Veritext v. Newman Law Group — Court affirms judgment for unpaid court reporting fees against law firm

Case
Veritext v. Newman Law Group
Court
Ohio Court of Appeals (Second District)
Date Decided
2026-06-05
Docket No.
30699
Judge(s)
Robert G. Hanseman, J.; Ronald C. Lewis, P.J.; Michael L. Tucker, J.
Topics
Breach Of Contract, Collections Creditor Rights, Civil Procedure
Source
Full opinion on CourtListener · PDF

Background

Veritext, a court-reporting services company, sued Newman Law Group, a Dayton law firm, for unpaid invoices totaling approximately $50,748.73 for court-reporting services provided between March 2020 and January 2022. Newman raised multiple defenses, including that its former clients had agreed to pay the court-reporting fees directly, and filed counterclaims alleging violations of the Fair Debt Collection Practices Act and Consumer Sales Practices Act.

Cross-motions for summary judgment were filed.

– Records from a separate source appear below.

definition hit_prob :: "bool list \<Rightarrow> real" where
  "hit_prob bs = prob {\<omega> \<in> space P. \<pi> \<omega> \<inter> cell bs \<noteq> {}}"

lemma hit_prob_nonneg: "0 \<le> hit_prob bs" and hit_prob_le_1: "hit_prob bs \<le> 1"
  by (simp_all add: hit_prob_def)

lemma hit_prob_le_take: "hit_prob bs \<le> hit_prob (take k bs)"
  unfolding hit_prob_def
  using cell_subset_take[of bs k] by (intro finite_measure_mono sets_meets sets_cell) auto

lemma power_card_code_image_eq_prod_Ncount:
  fixes z :: real
  shows "z ^ card (code m ` (\<pi> \<omega> \<inter> A)) = (\<Prod>bs\<in>codes m. if Ncount (cell bs) (\<pi> \<omega>) = 0 then 1 else z)"
  by (simp add: power_card_code_image_eq_prod Ncount_eq_0_iff)

lemma borel_measurable_cell_weight:
  "(\<lambda>\<omega>. if Ncount (cell bs) (\<pi> \<omega>) = 0 then 1 else z :: real) \<in> borel_measurable P"
  using measurable_compose[OF measurable_Ncount[OF sets_cell], of "\<lambda>n. if n = 0 then 1 else z" borel]
  by simp

lemma expectation_power_card_code_image:
  fixes z :: real
  shows "expectation (\<lambda>\<omega>. z ^ card (code m ` (\<pi> \<omega> \<inter> A))) = (\<Prod>bs\<in>codes m. 1 - (1 - z) * hit_prob bs)"
proof -
  let ?w = "\<lambda>bs \<omega>. if Ncount (cell bs) (\<pi> \<omega>) = 0 then 1 else z"
  have "indep_vars (\<lambda>_. count_space UNIV) (\<lambda>bs \<omega>. Ncount (cell bs) (\<pi> \<omega>)) (codes m)"
    by (rule indep_vars_Ncount_finite[OF finite_codes sets_cell disjoint_cells])
  then have indep: "indep_vars (\<lambda>_. borel) ?w (codes m)"
    by (rule indep_vars_compose2[where Y="\<lambda>_ n. if n = 0 then 1 else z"]) simp
  have integrable: "integrable P (?w bs)" for bs
    by (rule integrable_const_bound[where B="max 1 \<bar>z\<bar>"]) (auto simp: borel_measurable_cell_weight)
  have "expectation (\<lambda>\<omega>. z ^ card (code m ` (\<pi> \<omega> \<inter> A))) = expectation (\<lambda>\<omega>. \<Prod>bs\<in>codes m. ?w bs \<omega>)"
    by (simp add: power_card_code_image_eq_prod_Ncount)
  also have "\<dots> = (\<Prod>bs\<in>codes m. expectation (?w bs))"
    by (rule indep_vars_lebesgue_integral[OF finite_codes indep integrable])
  also have "\<dots> = (\<Prod>bs\<in>codes m. 1 - (1 - z) * hit_prob bs)"
  proof (rule prod.cong[OF refl])
    fix bs
    have "expectation (?w bs) = expectation (\<lambda>\<omega>. if \<omega> \<in> {\<omega> \<in> space P. \<pi> \<omega> \<inter> cell bs \<noteq> {}} then z else 1)"
      by (rule Bochner_Integration.integral_cong) (auto simp: Ncount_eq_0_iff)
    then show "expectation (?w bs) = 1 - (1 - z) * hit_prob bs"
      using expectation_if_event[OF sets_meets[OF sets_cell[of bs]], of z] by (simp add: hit_prob_def)
  qed
  finally show ?thesis .
qed
(* Identify the tangent space of $\mathbb OH^2$ at $P_0=(0,0)$ with $\mathbb O^2$, a pair $(a,b)$ corresponding to the tangent vector with $du=a$, $dv=b$. Then the Riemann curvature tensor of $\mathbb OH^2$ at $P_0$ is $$\begin{aligned}R\big((a,b),(c,d),(e,f),(g,h)\big)=-\Big[&\,4\langle a,e\rangle\langle c,g\rangle-4\langle c,e\rangle\langle a,g\rangle+4\langle b,f\rangle\langle d,h\rangle-4\langle d,f\rangle\langle b,h\rangle\\&-\langle e\bar d,g\bar b\rangle+\langle e\bar b,g\bar d\rangle-\langle c\bar f,a\bar h\rangle+\langle a\bar f,c\bar h\rangle-\langle a\bar d-c\bar b,\ g\bar f-e\bar h\rangle\Big],\end{aligned}$$ i.e. the negative of the curvature tensor of $\mathbb OP^2$ at $[1,0,0]$.
   Context: Octonions $\mathbb O=\mathbb H\oplus\mathbb H$ with product $(q_1,q_2)(p_1,p_2)=(q_1p_1-\bar p_2q_2,\ p_2q_1+q_2\bar p_1)$, conjugation $\overline{(q_1,q_2)}=(\bar q_1,-q_2)$, $\langle a,b\rangle=\mathrm{Re}(a\bar b)$, $|a|^2=\langle a,a\rangle$. $\mathbb OH^2=\{(u,v)\in\mathbb O^2:|u|^2+|v|^2<1\}$ with the Riemannian metric whose quadratic form on tangent vectors $(du,dv)=(\xi,\eta)$ is $ds^2=\frac{|\xi|^2(1-|v|^2)+|\eta|^2(1-|u|^2)+2\mathrm{Re}[(u\bar v)(\eta\bar\xi)]}{(1-|u|^2-|v|^2)^2}$. Curvature convention: in coordinates in which first derivatives of the metric vanish at the point, $R_{\alpha\beta\gamma\delta}=\tfrac12\big[\partial_\alpha\partial_\delta g_{\beta\gamma}+\partial_\beta\partial_\gamma g_{\alpha\delta}-\partial_\beta\partial_\delta g_{\alpha\gamma}-\partial_\alpha\partial_\gamma g_{\beta\delta}\big]$. *)

theory Defs
  imports "HOL-Analysis.Analysis"
begin

datatype quat = Quat (qre: real) (qi: real) (qj: real) (qk: real)

definition qadd :: "quat \<Rightarrow> quat \<Rightarrow> quat" where
  "qadd p q = Quat (qre p + qre q) (qi p + qi q) (qj p + qj q) (qk p + qk q)"

definition qneg :: "quat \<Rightarrow> quat" where
  "qneg p = Quat (- qre p) (- qi p) (- qj p) (- qk p)"

definition qscale :: "real \<Rightarrow> quat \<Rightarrow> quat" where
  "qscale r p = Quat (r * qre p) (r * qi p) (r * qj p) (r * qk p)"

definition qcnj :: "quat \<Rightarrow> quat" where
  "qcnj p = Quat (qre p) (- qi p) (- qj p) (- qk p)"

definition qmul :: "quat \<Rightarrow> quat \<Rightarrow> quat" where
  "qmul p q = Quat
     (qre p * qre q - qi p * qi q - qj p * qj q - qk p * qk q)
     (qre p * qi q + qi p * qre q + qj p * qk q - qk p * qj q)
     (qre p * qj q - qi p * qk q + qj p * qre q + qk p * qi q)
     (qre p * qk q + qi p * qj q - qj p * qi q + qk p * qre q)"

section \<open>Octonions O = H + H (Cayley--Dickson)\<close>

type_synonym oct = "quat \<times> quat"

definition oadd :: "oct \<Rightarrow> oct \<Rightarrow> oct" where
  "oadd x y = (qadd (fst x) (fst y), qadd (snd x) (snd y))"

definition oneg :: "oct \<Rightarrow> oct" where
  "oneg x = (qneg (fst x), qneg (snd x))"

definition osub :: "oct \<Rightarrow> oct \<Rightarrow> oct" where
  "osub x y = oadd x (oneg y)"

definition oscale :: "real \<Rightarrow> oct \<Rightarrow> oct" where
  "oscale r x = (qscale r (fst x), qscale r (snd x))"

definition ozero :: oct where
  "ozero = (Quat 0 0 0 0, Quat 0 0 0 0)"

definition omul :: "oct \<Rightarrow> oct \<Rightarrow> oct" where
  "omul x y = (case x of (q1, q2) \<Rightarrow> case y of (p1, p2) \<Rightarrow>
      (qadd (qmul q1 p1) (qneg (qmul (qcnj p2) q2)),
       qadd (qmul p2 q1) (qmul q2 (qcnj p1))))"

definition ocnj :: "oct \<Rightarrow> oct" where
  "ocnj x = (qcnj (fst x), qneg (snd x))"

definition ore :: "oct \<Rightarrow> real" where
  "ore x = qre (fst x)"

definition oinner :: "oct \<Rightarrow> oct \<Rightarrow> real" where
  "oinner a b = ore (omul a (ocnj b))"

definition onorm2 :: "oct \<Rightarrow> real" where
  "onorm2 a = oinner a a"

text \<open>Points and tangent vectors are pairs of octonions (u,v), resp. (du,dv).\<close>

definition padd :: "oct \<times> oct \<Rightarrow> oct \<times> oct \<Rightarrow> oct \<times> oct" where
  "padd X Y = (oadd (fst X) (fst Y), oadd (snd X) (snd Y))"

definition pscale :: "real \<Rightarrow> oct \<times> oct \<Rightarrow> oct \<times> oct" where
  "pscale r X = (oscale r (fst X), oscale r (snd X))"

definition OH2 :: "(oct \<times> oct) set" where
  "OH2 = {(u, v). onorm2 u + onorm2 v < 1}"

definition P0 :: "oct \<times> oct" where
  "P0 = (ozero, ozero)"

text \<open>Quadratic form ds^2 of the metric at the point (u,v) on the tangent vector (xi,eta).\<close>
definition OH2_Q :: "oct \<times> oct \<Rightarrow> oct \<times> oct \<Rightarrow> real" where
  "OH2_Q P T = (case P of (u, v) \<Rightarrow> case T of (\<xi>, \<eta>) \<Rightarrow>
     (onorm2 \<xi> * (1 - onorm2 v) + onorm2 \<eta> * (1 - onorm2 u)
       + 2 * ore (omul (omul u (ocnj v)) (omul \<eta> (ocnj \<xi>))))
     / (1 - onorm2 u - onorm2 v)^2)"

definition OH2_g :: "oct \<times> oct \<Rightarrow> oct \<times> oct \<Rightarrow> oct \<times> oct \<Rightarrow> real" where
  "OH2_g P X Y = (OH2_Q P (padd X Y) - OH2_Q P (padd X (pscale (-1) Y))) / 4"

definition d2g :: "oct \<times> oct \<Rightarrow> oct \<times> oct \<Rightarrow> oct \<times> oct \<Rightarrow> oct \<times> oct \<Rightarrow> real" where
  "d2g A B C D =
     deriv (\<lambda>t. deriv (\<lambda>s. OH2_g (padd P0 (padd (pscale t A) (pscale s B))) C D) 0) 0"

text \<open>The first derivatives of the metric coefficients
  vanish at P0 in the linear coordinates (u,v), so the paper's convention
  R_{abcd} = 1/2 [d_a d_d g_bc + d_b d_c g_ad - d_b d_d g_ac - d_a d_c g_bd]
  applies in these coordinates; contracted with X^a Y^b Z^c W^d it reads as below.\<close>
definition OH2_R_P0 :: "oct \<times> oct \<Rightarrow> oct \<times> oct \<Rightarrow> oct \<times> oct \<Rightarrow> oct \<times> oct \<Rightarrow> real" where
  "OH2_R_P0 X Y Z W =
     (d2g X W Y Z + d2g Y Z X W - d2g Y W X Z - d2g X Z Y W) / 2"

end

theory Submission
  imports Defs
begin

(* At P0 the metric is Euclidean, and on the plane spanned by A and B through P0 the metric
   coefficient g(C,D) is N(t,s) / (1 - Q(t,s))^2 with N, Q quadratic polynomials and Q(0) = 0.
   Its mixed derivative at 0 is therefore the ts-coefficient of N plus 2 N(0) times that of Q,
   which gives, for A = (A1, A2) etc.,
     d_A d_B g(C,D) = 4 <A,B> <C,D> - 2 <A2,B2> <C1,D1> - 2 <A1,B1> <C2,D2>
                      + <A1 conj B2 + B1 conj A2, D1 conj C2 + C1 conj D2>.
   Inserting this into the curvature formula, the result is brought into the stated shape by
   the polarised multiplicativity of the octonion norm,
     <x conj y, z conj w> + <x conj w, z conj y> = 2 <x,z> <y,w>,
   which survives the failure of associativity. *)

lemma oct_coordinates:
  obtains x0 x1 x2 x3 x4 x5 x6 x7 where "x = (Quat x0 x1 x2 x3, Quat x4 x5 x6 x7)"
  by (metis prod.exhaust quat.exhaust)

lemmas oct_simps = omul_def oadd_def oscale_def ocnj_def ore_def oneg_def ozero_def
  qadd_def qmul_def qneg_def qcnj_def qscale_def

lemma omul_oadd_left: "omul (oadd x y) z = oadd (omul x z) (omul y z)"
  by (cases x; cases y; cases z) (simp add: oct_simps algebra_simps)

lemma omul_oadd_right: "omul z (oadd x y) = oadd (omul z x) (omul z y)"
  by (cases x; cases y; cases z) (simp add: oct_simps algebra_simps)

lemma omul_oscale_left: "omul (oscale r x) z = oscale r (omul x z)"
  by (cases x; cases z) (simp add: oct_simps algebra_simps)

lemma omul_oscale_right: "omul z (oscale r x) = oscale r (omul z x)"
  by (cases x; cases z) (simp add: oct_simps algebra_simps)

lemma ocnj_oadd: "ocnj (oadd x y) = oadd (ocnj x) (ocnj y)"
  by (cases x; cases y) (simp add: oct_simps)

lemma ocnj_oscale: "ocnj (oscale r x) = oscale r (ocnj x)"
  by (cases x) (simp add: oct_simps)

lemma ocnj_ocnj [simp]: "ocnj (ocnj x) = x"
  by (cases x) (simp add: oct_simps)

lemma ocnj_omul: "ocnj (omul x y) = omul (ocnj y) (ocnj x)"
  by (cases x; cases y) (simp add: oct_simps algebra_simps)

lemma ore_oadd: "ore (oadd x y) = ore x + ore y"
  by (cases x; cases y) (simp add: oct_simps)

lemma ore_oscale: "ore (oscale r x) = r * ore x"
  by (cases x) (simp add: oct_simps)

lemma oadd_ozero_left: "oadd ozero x = x"
  by (cases x) (simp add: oct_simps)

lemma oneg_eq_oscale: "oneg x = oscale (-1) x"
  by (cases x) (simp add: oct_simps)

lemma oinner_commute: "oinner x y = oinner y x"
  by (cases x; cases y) (simp add: oinner_def oct_simps algebra_simps)

lemma oinner_oadd_left: "oinner (oadd x y) z = oinner x z + oinner y z"
  by (simp add: oinner_def omul_oadd_left ore_oadd)

lemma oinner_oadd_right: "oinner z (oadd x y) = oinner z x + oinner z y"
  by (simp add: oinner_def omul_oadd_right ore_oadd ocnj_oadd)

lemma oinner_oscale_left: "oinner (oscale r x) z = r * oinner x z"
  by (simp add: oinner_def omul_oscale_left ore_oscale)

lemma oinner_oscale_right: "oinner z (oscale r x) = r * oinner z x"
  by (simp add: oinner_def omul_oscale_right ore_oscale ocnj_oscale)

lemma ore_omul: "ore (omul x y) = oinner x (ocnj y)"
  by (simp add: oinner_def)

lemmas oinner_bilinear = oinner_oadd_left oinner_oadd_right oinner_oscale_left oinner_oscale_right
lemmas omul_bilinear = omul_oadd_left omul_oadd_right omul_oscale_left omul_oscale_right
  ocnj_oadd ocnj_oscale

lemma oinner_omul_ocnj_polarized:
  "oinner (omul x (ocnj y)) (omul z (ocnj w)) + oinner (omul x (ocnj w)) (omul z (ocnj y))
     = 2 * oinner x z * oinner y w"
proof -
  obtain x0 x1 x2 x3 x4 x5 x6 x7 where x: "x = (Quat x0 x1 x2 x3, Quat x4 x5 x6 x7)"
    by (rule oct_coordinates)
  obtain y0 y1 y2 y3 y4 y5 y6 y7 where y: "y = (Quat y0 y1 y2 y3, Quat y4 y5 y6 y7)"
    by (rule oct_coordinates)
  obtain z0 z1 z2 z3 z4 z5 z6 z7 where z: "z = (Quat z0 z1 z2 z3, Quat z4 z5 z6 z7)"
    by (rule oct_coordinates)
  obtain w0 w1 w2 w3 w4 w5 w6 w7 where w: "w = (Quat w0 w1 w2 w3, Quat w4 w5 w6 w7)"
    by (rule oct_coordinates)
  show ?thesis
    unfolding x y z w by (simp add: oinner_def oct_simps) algebra
qed

lemma OH2_g_Pair:
  "OH2_g (u, v) (C1, C2) (D1, D2) =
     (oinner C1 D1 * (1 - onorm2 v) + oinner C2 D2 * (1 - onorm2 u)
      + oinner (omul u (ocnj v)) (oadd (omul D1 (ocnj C2)) (omul C1 (ocnj D2))))
     / (1 - onorm2 u - onorm2 v)^2"
proof -
  have polarize: "X - Y = 4 * N \<Longrightarrow> (X / E - Y / E) / 4 = N / E" for X Y N E :: real
    by (simp add: diff_divide_distrib[symmetric])
  show ?thesis
    unfolding OH2_g_def OH2_Q_def padd_def pscale_def fst_conv snd_conv prod.case
    by (rule polarize) (simp add: onorm2_def ore_oadd ore_oscale ore_omul ocnj_omul omul_bilinear oinner_bilinear
        algebra_simps oinner_commute)
qed

lemma deriv_deriv_quadratic_quotient_at_0:
  fixes F :: "real \<Rightarrow> real \<Rightarrow> real"
  assumes F: "\<And>t s. F t s =
    (c0 + a1 * t^2 + a2 * t * s + a3 * s^2) / (1 - (b1 * t^2 + b2 * t * s + b3 * s^2))^2"
  shows "deriv (\<lambda>t. deriv (\<lambda>s. F t s) 0) 0 = a2 + 2*c0*b2"
proof -
  define G where "G t = t * (a2 / (1 - b1*t^2)^2 + 2*b2*(c0 + a1*t^2) / (1 - b1*t^2)^3)" for t
  have deriv_s: "deriv (\<lambda>s. F t s) 0 = G t" if "1 - b1*t^2 \<noteq> 0" for t
  proof (rule DERIV_imp_deriv)
    have "(a2*t*D^2 + N*(2*(b2*t*D))) / D^4 = t*(a2/D^2 + 2*b2*N/D^3)" if "D \<noteq> 0" for D N :: real
      using that by (simp add: field_simps eval_nat_numeral)
    then show "((\<lambda>s. F t s) has_field_derivative G t) (at 0)"
      unfolding F G_def using that
      by (auto intro!: derivative_eq_intros)
  qed
  have "(G has_field_derivative a2 + 2*c0*b2) (at 0)"
    unfolding G_def by (auto intro!: derivative_eq_intros)
  then have "((\<lambda>t. deriv (\<lambda>s. F t s) 0) has_field_derivative a2 + 2*c0*b2) (at 0)"
  proof (rule has_field_derivative_transform_within_open)
    show "open {t. 1 - b1*t^2 \<noteq> (0::real)}"
      by (intro open_Collect_neq continuous_intros)
  qed (use deriv_s in auto)
  then show ?thesis
    by (rule DERIV_imp_deriv)
qed

lemma d2g_Pair:
  "d2g (A1, A2) (B1, B2) (C1, C2) (D1, D2) =
     4 * (oinner A1 B1 + oinner A2 B2) * (oinner C1 D1 + oinner C2 D2)
     - 2 * oinner A2 B2 * oinner C1 D1 - 2 * oinner A1 B1 * oinner C2 D2
     + oinner (oadd (omul A1 (ocnj B2)) (omul B1 (ocnj A2)))
              (oadd (omul D1 (ocnj C2)) (omul C1 (ocnj D2)))"
proof -
  define Z where "Z = oadd (omul D1 (ocnj C2)) (omul C1 (ocnj D2))"
  have "d2g (A1, A2) (B1, B2) (C1, C2) (D1, D2) =
    - 2 * oinner A2 B2 * oinner C1 D1 - 2 * oinner A1 B1 * oinner C2 D2
    + oinner (oadd (omul A1 (ocnj B2)) (omul B1 (ocnj A2))) Z
    + 2 * (oinner C1 D1 + oinner C2 D2) * (2 * oinner A1 B1 + 2 * oinner A2 B2)"
    unfolding d2g_def
  proof (rule deriv_deriv_quadratic_quotient_at_0)
    fix t s :: real
    have "padd P0 (padd (pscale t (A1, A2)) (pscale s (B1, B2))) =
        (oadd (oscale t A1) (oscale s B1), oadd (oscale t A2) (oscale s B2))"
      by (simp add: padd_def pscale_def P0_def oadd_ozero_left)
    then show "OH2_g (padd P0 (padd (pscale t (A1, A2)) (pscale s (B1, B2)))) (C1, C2) (D1, D2) =
      ((oinner C1 D1 + oinner C2 D2)
       + (- onorm2 A2 * oinner C1 D1 - onorm2 A1 * oinner C2 D2
          + oinner (omul A1 (ocnj A2)) Z) * t^2
       + (- 2 * oinner A2 B2 * oinner C1 D1 - 2 * oinner A1 B1 * oinner C2 D2
          + oinner (oadd (omul A1 (ocnj B2)) (omul B1 (ocnj A2))) Z) * t * s
       + (- onorm2 B2 * oinner C1 D1 - onorm2 B1 * oinner C2 D2
          + oinner (omul B1 (ocnj B2)) Z) * s^2)
      / (1 - ((onorm2 A1 + onorm2 A2) * t^2 + (2 * oinner A1 B1 + 2 * oinner A2 B2) * t * s
              + (onorm2 B1 + onorm2 B2) * s^2))^2"
      by (simp add: OH2_g_Pair Z_def[symmetric] onorm2_def omul_bilinear oinner_bilinear
          oinner_commute power2_eq_square algebra_simps)
  qed
  then show ?thesis
    by (simp add: Z_def algebra_simps)
qed

theorem theorem8p4:
  fixes a b c d e f g h :: oct
  shows "OH2_R_P0 (a, b) (c, d) (e, f) (g, h) =
    - (4 * oinner a e * oinner c g - 4 * oinner c e * oinner a g
       + 4 * oinner b f * oinner d h - 4 * oinner d f * oinner b h
       - oinner (omul e (ocnj d)) (omul g (ocnj b))
       + oinner (omul e (ocnj b)) (omul g (ocnj d))
       - oinner (omul c (ocnj f)) (omul a (ocnj h))
       + oinner (omul a (ocnj f)) (omul c (ocnj h))
       - oinner (osub (omul a (ocnj d)) (omul c (ocnj b)))
                (osub (omul g (ocnj f)) (omul e (ocnj h))))"
  using oinner_omul_ocnj_polarized[of a h e d] oinner_omul_ocnj_polarized[of g b c f]
    oinner_omul_ocnj_polarized[of c h e b] oinner_omul_ocnj_polarized[of a f g d]
  unfolding OH2_R_P0_def d2g_Pair osub_def oneg_eq_oscale
  by (simp add: oinner_bilinear omul_bilinear oinner_commute algebra_simps) algebra

end
lemma vec_norm1_ge_if_col_diag_dominant:
  fixes K :: "real^'n^'n"
  assumes dom: "\<And>j. c \<le> \<bar>K$j$j\<bar> - (\<Sum>i\<in>UNIV-{j}. \<bar>K$i$j\<bar>)"
  shows "c * vec_norm1 x \<le> vec_norm1 (K *v x)"
proof -
  define a where "a i j = \<bar>K$i$j\<bar> * \<bar>x$j\<bar>" for i j
  have row: "a i i - (\<Sum>j\<in>UNIV-{i}. a i j) \<le> \<bar>(K *v x)$i\<bar>" for i
  proof -
    have "(K *v x)$i = K$i$i * x$i + (\<Sum>j\<in>UNIV-{i}. K$i$j * x$j)"
      by (simp add: matrix_vector_mult_def sum.remove)
    moreover have "\<bar>\<Sum>j\<in>UNIV-{i}. K$i$j * x$j\<bar> \<le> (\<Sum>j\<in>UNIV-{i}. a i j)"
      unfolding a_def abs_mult[symmetric] by (rule sum_abs)
    ultimately show ?thesis
      unfolding a_def abs_mult[symmetric] by linarith
  qed
  have offdiag_swap: "(\<Sum>j\<in>UNIV. \<Sum>i\<in>UNIV-{j}. a i j) = (\<Sum>i\<in>UNIV. \<Sum>j\<in>UNIV-{i}. a i j)"
    by (simp add: sum_diff1 sum_subtractf sum.swap[of a])
  have "c * vec_norm1 x \<le> (\<Sum>j\<in>UNIV. (\<bar>K$j$j\<bar> - (\<Sum>i\<in>UNIV-{j}. \<bar>K$i$j\<bar>)) * \<bar>x$j\<bar>)"
    unfolding vec_norm1_def sum_distrib_left by (intro sum_mono mult_right_mono dom) simp
  also have "\<dots> = (\<Sum>j\<in>UNIV. a j j - (\<Sum>i\<in>UNIV-{j}. a i j))"
    by (simp add: a_def left_diff_distrib sum_distrib_right)
  also have "\<dots> = (\<Sum>i\<in>UNIV. a i i - (\<Sum>j\<in>UNIV-{i}. a i j))"
    by (simp add: sum_subtractf offdiag_swap)
  also have "\<dots> \<le> vec_norm1 (K *v x)"
    unfolding vec_norm1_def by (rule sum_mono, rule row)
  finally show ?thesis .
qed

lemma Z_matrix_col_dominance_eq_col_sum:
  fixes K :: "real^'n^'n"
  assumes "\<And>i. i \<noteq> j \<Longrightarrow> K$i$j \<le> 0" and "0 \<le> K$j$j"
  shows "\<bar>K$j$j\<bar> - (\<Sum>i\<in>UNIV-{j}. \<bar>K$i$j\<bar>) = (\<Sum>i\<in>UNIV. K$i$j)"
proof -
  have "(\<Sum>i\<in>UNIV-{j}. \<bar>K$i$j\<bar>) = (\<Sum>i\<in>UNIV-{j}. - K$i$j)"
    using assms(1) by (intro sum.cong) auto
  then show ?thesis using assms(2) by (simp add: sum.remove[of UNIV j] sum_negf)
qed

lemma invertible_if_vec_norm1_bounded_below:
  fixes M Y :: "real^'n^'n"
  assumes "0 < c" and bound: "\<And>x. c * vec_norm1 x \<le> vec_norm1 ((Y ** M) *v x)"
  shows "invertible M"
proof -
  have "x = 0" if "M *v x = 0" for x
  proof (rule vec_norm1_le_0_imp_eq_0)
    have "c * vec_norm1 x \<le> 0"
      using bound[of x] that by (simp add: matrix_vector_mul_assoc[symmetric] vec_norm1_def)
    then show "vec_norm1 x \<le> 0" using \<open>0 < c\<close> by (simp add: mult_le_0_iff)
  qed
  then show ?thesis using matrix_left_invertible_ker invertible_left_inverse by blast
qed

lemma vec_norm1_matrix_inv_le:
  fixes M Y :: "real^'n^'n"
  assumes "invertible M" and "\<And>x. c * vec_norm1 x \<le> vec_norm1 ((Y ** M) *v x)"
  shows "c * vec_norm1 (matrix_inv M *v u) \<le> vec_norm1 (Y *v u)"
proof -
  have "M *v (matrix_inv M *v u) = u"
    by (simp add: matrix_vector_mul_assoc matrix_inv_right[OF assms(1)])
  then show ?thesis
    using assms(2)[of "matrix_inv M *v u"] by (simp add: matrix_vector_mul_assoc[symmetric])
qed

lemma vec_norm1_scaled_implicit_matrix_ge:
  fixes A :: "real^'n^'n"
  assumes "condM A" and "0 \<le> t" and "\<forall>i. 0 \<le> d$i"
    and "\<And>j. c \<le> d$j + t * (\<Sum>i\<in>UNIV. d$i * A$i$j)"
  shows "c * vec_norm1 x \<le> vec_norm1 ((diag_mat d ** (mat 1 + t *\<^sub>R A)) *v x)"
proof (rule vec_norm1_ge_if_col_diag_dominant)
  fix j
  let ?K = "diag_mat d ** (mat 1 + t *\<^sub>R A)"
  have K: "?K$i$j = (if i = j then d$i else 0) + t * (d$i * A$i$j)" for i
    by (simp add: diag_mat_mult_nth mat_def algebra_simps)
  have "\<bar>?K$j$j\<bar> - (\<Sum>i\<in>UNIV-{j}. \<bar>?K$i$j\<bar>) = (\<Sum>i\<in>UNIV. ?K$i$j)"
    using assms(1-3) unfolding condM_def
    by (intro Z_matrix_col_dominance_eq_col_sum) (simp_all add: K mult_nonneg_nonpos)
  also have "\<dots> = d$j + t * (\<Sum>i\<in>UNIV. d$i * A$i$j)"
    by (simp add: K sum.distrib sum_distrib_left)
  finally show "c \<le> \<bar>?K$j$j\<bar> - (\<Sum>i\<in>UNIV-{j}. \<bar>?K$i$j\<bar>)" using assms(4) by simp
qed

The trial court granted partial summary judgment to Veritext on its claim for money due on account, denied Newman’s motion, and awarded Veritext $50,748.73 in damages after a bench trial. Newman appealed, raising four assignments of error.

The Court’s Holding

The Second District affirmed the trial court’s judgment on all four assignments of error. The court rejected Newman’s argument that its former clients were the primary obligors for the court-reporting fees, finding that Veritext’s agreement was solely with Newman, not with Newman’s clients. Even though some clients voluntarily paid Veritext directly, this did not establish a contractual relationship between Veritext and those clients.

On the mitigation of damages defense, the court found it unreasonable to require Veritext to pursue collection from Newman’s clients, who were third parties with no legal obligation to Veritext. The court held that Veritext was entitled to focus its collection efforts on the directly responsible party, Newman.

Key Takeaways

  • A law firm that engages a court-reporting service remains liable for payment even if the firm’s clients agreed separately to cover those costs.
  • A plaintiff is not required to mitigate damages by pursuing collection from third parties who have no legal obligation to pay.
  • Voluntary payments by third parties do not establish a contractual relationship or shift the primary obligation from the contracting party.

Why It Matters

This case is a cautionary tale for law firms regarding vendor relationships. Ohio practitioners should be aware that when they engage court reporters, process servers, or other litigation vendors, the firm remains primarily liable for payment regardless of any separate arrangement with clients. Firms seeking to shift payment responsibility should formalize those arrangements with clear written agreements between the vendor and the client.